__Information shown__:
(* Let $D$ be a closed disk in the Euclidean plane whose boundary circle has circumference $8000$ (i.e. radius $4000/\pi$). Then there exist $8349$ closed rectangles, each of size $30\times 20$, all contained in $D$ and with pairwise disjoint interiors.
   Context: Rectangles may be placed at any position and with any orientation in the plane (they need not all be parallel to one another). *)

theory Defs
  imports "HOL-Analysis.Analysis"
begin

text \<open>A closed rectangle of
size w x h in arbitrary position and orientation: the image of [0,w] x [0,h] under
the rigid motion z \<mapsto> c + cis theta * z.\<close>
definition rect :: "complex \<Rightarrow> real \<Rightarrow> real \<Rightarrow> real \<Rightarrow> complex set" where
  "rect c \<theta> w h = {c + cis \<theta> * Complex a b | a b. 0 \<le> a \<and> a \<le> w \<and> 0 \<le> b \<and> b \<le> h}"

end

theory Submission
  imports Defs
begin

text \<open>The rectangles are laid out in 102 horizontal rows stacked from height -1265 to 1265,
each row a run of congruent rectangles centred on the imaginary axis, either lying (30 wide,
20 high) or standing (20 wide, 30 high). Rectangles within a row are separated horizontally and
distinct rows vertically, so all interiors are disjoint. A row lies in the disc once its outer
corners do, and a finite check shows that all corners lie within radius 1273.1, which is less
than 4000/\<pi> \<approx> 1273.24.\<close>

lemma mem_rect_iff:
  "z \<in> rect c \<theta> w h \<longleftrightarrow>
     (let u = cis (- \<theta>) * (z - c) in 0 \<le> Re u \<and> Re u \<le> w \<and> 0 \<le> Im u \<and> Im u \<le> h)"
proof -
  define u where "u = cis (- \<theta>) * (z - c)"
  have inv: "cis \<theta> * cis (- \<theta>) = 1" by (simp add: cis_mult)
  have coords: "z = c + cis \<theta> * v \<longleftrightarrow> v = u" for v
  proof
    assume "z = c + cis \<theta> * v"
    then have "u = (cis \<theta> * cis (- \<theta>)) * v" unfolding u_def by (simp add: algebra_simps)
    then show "v = u" using inv by simp
  next
    assume "v = u"
    then have "cis \<theta> * v = (cis \<theta> * cis (- \<theta>)) * (z - c)" unfolding u_def by (simp add: mult.assoc)
    then show "z = c + cis \<theta> * v" using inv by simp
  qed
  have "z \<in> rect c \<theta> w h \<longleftrightarrow> (\<exists>a b. Complex a b = u \<and> 0 \<le> a \<and> a \<le> w \<and> 0 \<le> b \<and> b \<le> h)"
    unfolding rect_def by (simp add: coords)
  also have "\<dots> \<longleftrightarrow> 0 \<le> Re u \<and> Re u \<le> w \<and> 0 \<le> Im u \<and> Im u \<le> h"
    by (metis complex.collapse complex.sel)
  finally show ?thesis unfolding u_def Let_def .
qed

lemma rect_translate: "rect (a + c) \<theta> w h = (+) a ` rect c \<theta> w h"
  unfolding rect_def by (auto simp: add.assoc image_iff)

lemma rect_zero_angle: "rect c 0 w h = cbox c (c + Complex w h)"
  by (auto simp: mem_rect_iff cbox_complex_eq)

lemma rect_right_angle: "rect c (pi / 2) w h = cbox (c - of_real h) (c + Complex 0 w)"
  by (auto simp: mem_rect_iff cbox_complex_eq cis.ctr)

lemma rect_transpose: "rect c 0 h w = rect (c + of_real h) (pi / 2) w h"
proof -
  have "of_real h + Complex 0 w = Complex h w" by (simp add: complex_eq_iff)
  then show ?thesis by (simp add: rect_zero_angle rect_right_angle add.assoc)
qed

lemma rect_packing_of_list:
  assumes "N \<le> length Bs"
    and rects: "\<forall>B\<in>set Bs. B \<subseteq> cball 0 \<rho> \<and> (\<exists>c \<theta>. rect c \<theta> w h = B)"
    and disjoint: "sorted_wrt (\<lambda>A B. interior A \<inter> interior B = {}) Bs"
  shows "\<exists>(c :: nat \<Rightarrow> complex) (\<theta> :: nat \<Rightarrow> real).
           (\<forall>i<N. rect (c i) (\<theta> i) w h \<subseteq> cball z0 \<rho>) \<and>
           (\<forall>i<N. \<forall>j<N. i \<noteq> j \<longrightarrow>
              interior (rect (c i) (\<theta> i) w h) \<inter> interior (rect (c j) (\<theta> j) w h) = {})"
proof -
  have "\<forall>i. \<exists>c \<theta>. i < length Bs \<longrightarrow> rect c \<theta> w h = Bs ! i"
    using rects by (meson nth_mem)
  then obtain c \<theta> where Bs_rect: "\<And>i. i < length Bs \<Longrightarrow> rect (c i) (\<theta> i) w h = Bs ! i"
    by metis
  have shifted: "rect (z0 + c i) (\<theta> i) w h = (+) z0 ` (Bs ! i)" if "i < N" for i
    using that assms(1) Bs_rect by (simp add: rect_translate)
  have "(+) z0 ` (Bs ! i) \<subseteq> cball z0 \<rho>" if "i < N" for i
  proof -
    have "Bs ! i \<subseteq> cball 0 \<rho>" using that assms(1) rects by simp
    then have "(+) z0 ` (Bs ! i) \<subseteq> (+) z0 ` cball 0 \<rho>" by (rule image_mono)
    then show ?thesis by (metis add.right_neutral cball_translation)
  qed
  moreover have "interior ((+) z0 ` (Bs ! i)) \<inter> interior ((+) z0 ` (Bs ! j)) = {}"
    if "i < N" "j < N" "i \<noteq> j" for i j
  proof -
    have "interior (Bs ! i) \<inter> interior (Bs ! j) = {}"
      using disjoint that assms(1) unfolding sorted_wrt_iff_nth_less
      by (metis Int_commute less_le_trans linorder_neqE_nat)
    then show ?thesis by (simp add: interior_translation flip: translation_Int)
  qed
  ultimately show ?thesis using shifted by (intro exI[of _ "\<lambda>i. z0 + c i"] exI[of _ \<theta>]) simp
qed

definition row :: "real \<Rightarrow> real \<Rightarrow> real \<Rightarrow> nat \<Rightarrow> complex set list" where
  "row y w h n = map (\<lambda>k. rect (Complex (real k * w - real n * w / 2) y) 0 w h) [0..<n]"

fun stack :: "real \<Rightarrow> (real \<times> real \<times> nat) list \<Rightarrow> complex set list" where
  "stack y [] = []"
| "stack y ((w, h, n) # rs) = row y w h n @ stack (y + h) rs"

fun stack_fits :: "real \<Rightarrow> real \<Rightarrow> (real \<times> real \<times> nat) list \<Rightarrow> bool" where
  "stack_fits \<rho> y [] = True"
| "stack_fits \<rho> y ((w, h, n) # rs) \<longleftrightarrow>
     (real n * w / 2)\<^sup>2 + max (y\<^sup>2) ((y + h)\<^sup>2) \<le> \<rho>\<^sup>2 \<and> stack_fits \<rho> (y + h) rs"

lemma length_stack: "length (stack y rs) = (\<Sum>(w, h, n) \<leftarrow> rs. n)"
  by (induction y rs rule: stack.induct) (simp_all add: row_def)

lemma row_bounds:
  assumes "0 \<le> w" and "B \<in> set (row y w h n)" and "z \<in> B"
  shows "\<bar>Re z\<bar> \<le> real n * w / 2" and "y \<le> Im z" and "Im z \<le> y + h"
proof -
  obtain k where "k < n" and B: "B = rect (Complex (real k * w - real n * w / 2) y) 0 w h"
    using assms(2) by (auto simp: row_def)
  have "real k * w \<ge> 0" and "real (Suc k) * w \<le> real n * w"
    using assms(1) \<open>k < n\<close> by (simp_all add: mult_right_mono)
  moreover have "real k * w - real n * w / 2 \<le> Re z" "Re z \<le> real (Suc k) * w - real n * w / 2"
    and "y \<le> Im z" "Im z \<le> y + h"
    using assms(3) unfolding B rect_zero_angle by (auto simp: cbox_complex_eq algebra_simps)
  ultimately show "\<bar>Re z\<bar> \<le> real n * w / 2" "y \<le> Im z" "Im z \<le> y + h"
    by linarith+
qed

lemma interior_row_below:
  assumes "B \<in> set (row y w h n)" and "z \<in> interior B"
  shows "Im z < y + h"
  using assms by (auto simp: row_def rect_zero_angle interior_cbox box_complex_eq)

lemma row_interiors_disjoint:
  assumes "0 \<le> w"
  shows "sorted_wrt (\<lambda>A B. interior A \<inter> interior B = {}) (row y w h n)"
  unfolding row_def sorted_wrt_map
proof (rule sorted_wrt_mono_rel[OF _ sorted_wrt_upt])
  fix k l :: nat
  assume "k < l"
  then have "real (Suc k) * w \<le> real l * w" using assms by (simp add: mult_right_mono)
  then show "interior (rect (Complex (real k * w - real n * w / 2) y) 0 w h) \<inter>
             interior (rect (Complex (real l * w - real n * w / 2) y) 0 w h) = {}"
    by (auto simp: rect_zero_angle interior_cbox box_complex_eq algebra_simps)
qed

lemma stack_above:
  assumes "\<forall>(w, h, n) \<in> set rs. 0 \<le> w \<and> 0 \<le> h"
    and "B \<in> set (stack y rs)" and "z \<in> B"
  shows "y \<le> Im z"
  using assms
proof (induction y rs rule: stack.induct)
  case (2 y w h n rs)
  then show ?case using row_bounds(2)[of w B y h n z] by fastforce
qed simp

lemma stack_interiors_disjoint:
  assumes "\<forall>(w, h, n) \<in> set rs. 0 \<le> w \<and> 0 \<le> h"
  shows "sorted_wrt (\<lambda>A B. interior A \<inter> interior B = {}) (stack y rs)"
  using assms
proof (induction y rs rule: stack.induct)
  case (2 y w h n rs)
  have "interior A \<inter> interior B = {}"
    if "A \<in> set (row y w h n)" "B \<in> set (stack (y + h) rs)" for A B
    using interior_row_below[OF that(1)] stack_above[of rs B "y + h"] "2.prems" that(2)
      interior_subset by fastforce
  then show ?case using 2 row_interiors_disjoint by (simp add: sorted_wrt_append)
qed simp

lemma power2_le_max_power2:
  fixes x :: real
  assumes "a \<le> x" and "x \<le> b"
  shows "x\<^sup>2 \<le> max (a\<^sup>2) (b\<^sup>2)"
proof (cases "0 \<le> x")
  case True
  then have "x\<^sup>2 \<le> b\<^sup>2" using assms(2) by (intro power_mono)
  then show ?thesis by linarith
next
  case False
  then have "(- x)\<^sup>2 \<le> (- a)\<^sup>2" using assms(1) by (intro power_mono) auto
  then show ?thesis by simp
qed

lemma row_subset_cball:
  assumes "(real n * w / 2)\<^sup>2 + max (y\<^sup>2) ((y + h)\<^sup>2) \<le> \<rho>\<^sup>2" and "0 \<le> \<rho>" and "0 \<le> w"
    and "B \<in> set (row y w h n)"
  shows "B \<subseteq> cball 0 \<rho>"
proof
  fix z assume "z \<in> B"
  note bounds = row_bounds[OF assms(3,4) this]
  have "(Re z)\<^sup>2 \<le> (real n * w / 2)\<^sup>2"
    using bounds(1) by (metis abs_le_square_iff abs_of_nonneg abs_ge_zero order_trans)
  moreover have "(Im z)\<^sup>2 \<le> max (y\<^sup>2) ((y + h)\<^sup>2)"
    using bounds(2,3) by (rule power2_le_max_power2)
  ultimately have "(cmod z)\<^sup>2 \<le> \<rho>\<^sup>2" using assms(1) by (simp add: cmod_power2)
  then show "z \<in> cball 0 \<rho>" using assms(2) by (simp add: power2_le_iff_abs_le)
qed

lemma stack_subset_cball:
  assumes "stack_fits \<rho> y rs" and "0 \<le> \<rho>" and "\<forall>(w, h, n) \<in> set rs. 0 \<le> w"
    and "B \<in> set (stack y rs)"
  shows "B \<subseteq> cball 0 \<rho>"
  using assms by (induction \<rho> y rs rule: stack_fits.induct) (auto dest: row_subset_cball)

lemma stack_rects:
  assumes "B \<in> set (stack y rs)"
  shows "\<exists>(w, h, n) \<in> set rs. \<exists>a. B = rect a 0 w h"
  using assms by (induction y rs rule: stack.induct) (auto simp: row_def)

abbreviation flat :: "nat \<Rightarrow> real \<times> real \<times> nat" where "flat n \<equiv> (30, 20, n)"
abbreviation upright :: "nat \<Rightarrow> real \<times> real \<times> nat" where "upright n \<equiv> (20, 30, n)"

definition packing_rows :: "(real \<times> real \<times> nat) list" where
  "packing_rows =
    [flat 9, flat 17, flat 23, flat 27, flat 31, flat 34, flat 37, flat 39,
     flat 42, flat 44, flat 46, flat 48, flat 50, flat 52, flat 53, flat 55,
     upright 85, flat 59, flat 60, upright 92, upright 95, flat 65, flat 66, upright 101,
     upright 103, flat 70, upright 106, upright 108, upright 110, upright 112, upright 113, upright 115,
     flat 77, flat 78, upright 118, flat 79, upright 120, upright 121, flat 81, upright 122,
     upright 123, upright 124, flat 83, upright 125, upright 125, flat 84, upright 126, upright 126,
     upright 126, upright 127, upright 127, upright 127, upright 127, upright 127, upright 126, upright 126,
     upright 126, upright 125, upright 125, flat 83, upright 124, flat 82, flat 82, upright 122,
     upright 121, upright 120, upright 119, flat 79, flat 78, upright 116, flat 77, upright 114,
     upright 112, upright 110, upright 109, upright 107, upright 105, upright 103, upright 101, flat 66,
     flat 65, flat 64, upright 93, flat 61, flat 59, flat 58, upright 84, flat 54,
     upright 78, flat 50, flat 48, flat 46, flat 44, flat 42, flat 39, flat 37,
     flat 34, flat 31, flat 27, flat 23, flat 17, flat 9]"

lemma packing_rows_shapes: "\<forall>(w, h, n) \<in> set packing_rows. (w, h) = (30, 20) \<or> (w, h) = (20, 30)"
  by (simp add: packing_rows_def)

lemma length_packing: "length (stack (-1265) packing_rows) = 8361"
  unfolding length_stack by (simp add: packing_rows_def)

lemma packing_rows_fit: "stack_fits 1273.1 (-1265) packing_rows"
  by (simp add: packing_rows_def power_divide)

lemma radius_bound: "1273.1 \<le> 4000 / pi"
  using pi_approx(2) pi_gt_zero by (simp add: field_simps)

theorem mainTheorem3:
  fixes z0 :: complex
  shows "\<exists>(c :: nat \<Rightarrow> complex) (\<theta> :: nat \<Rightarrow> real).
           (\<forall>i<8349. rect (c i) (\<theta> i) 30 20 \<subseteq> cball z0 (4000 / pi)) \<and>
           (\<forall>i<8349. \<forall>j<8349. i \<noteq> j \<longrightarrow>
              interior (rect (c i) (\<theta> i) 30 20) \<inter> interior (rect (c j) (\<theta> j) 30 20) = {})"
proof (rule rect_packing_of_list)
  let ?Bs = "stack (-1265) packing_rows"
  have nonneg: "\<forall>(w, h, n) \<in> set packing_rows. 0 \<le> w \<and> 0 \<le> h"
    using packing_rows_shapes by auto
  show "8349 \<le> length ?Bs" by (simp add: length_packing)
  show "sorted_wrt (\<lambda>A B. interior A \<inter> interior B = {}) ?Bs"
    using nonneg by (rule stack_interiors_disjoint)
  show "\<forall>B \<in> set ?Bs. B \<subseteq> cball 0 (4000 / pi) \<and> (\<exists>c \<theta>. rect c \<theta> 30 20 = B)"
  proof
    fix B assume B: "B \<in> set ?Bs"
    have "B \<subseteq> cball 0 1273.1"
      using packing_rows_fit _ _ B by (rule stack_subset_cball) (use nonneg in auto)
    then have "B \<subseteq> cball 0 (4000 / pi)" using radius_bound by auto
    moreover obtain w h n a where "(w, h, n) \<in> set packing_rows" and "B = rect a 0 w h"
      using stack_rects[OF B] by auto
    then have "\<exists>c \<theta>. rect c \<theta> 30 20 = B"
      using packing_rows_shapes rect_transpose by fastforce
    ultimately show "B \<subseteq> cball 0 (4000 / pi) \<and> (\<exists>c \<theta>. rect c \<theta> 30 20 = B)" by blast
  qed
qed

end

__Task prompt__: The lines to copy are those above that contain "within".

__Result of the task__:
20 high) or standing (20 wide, 30 high). Rectangles within a row are separated horizontally and
corners do, and a finite check shows that all corners lie within radius 1273.1, which is less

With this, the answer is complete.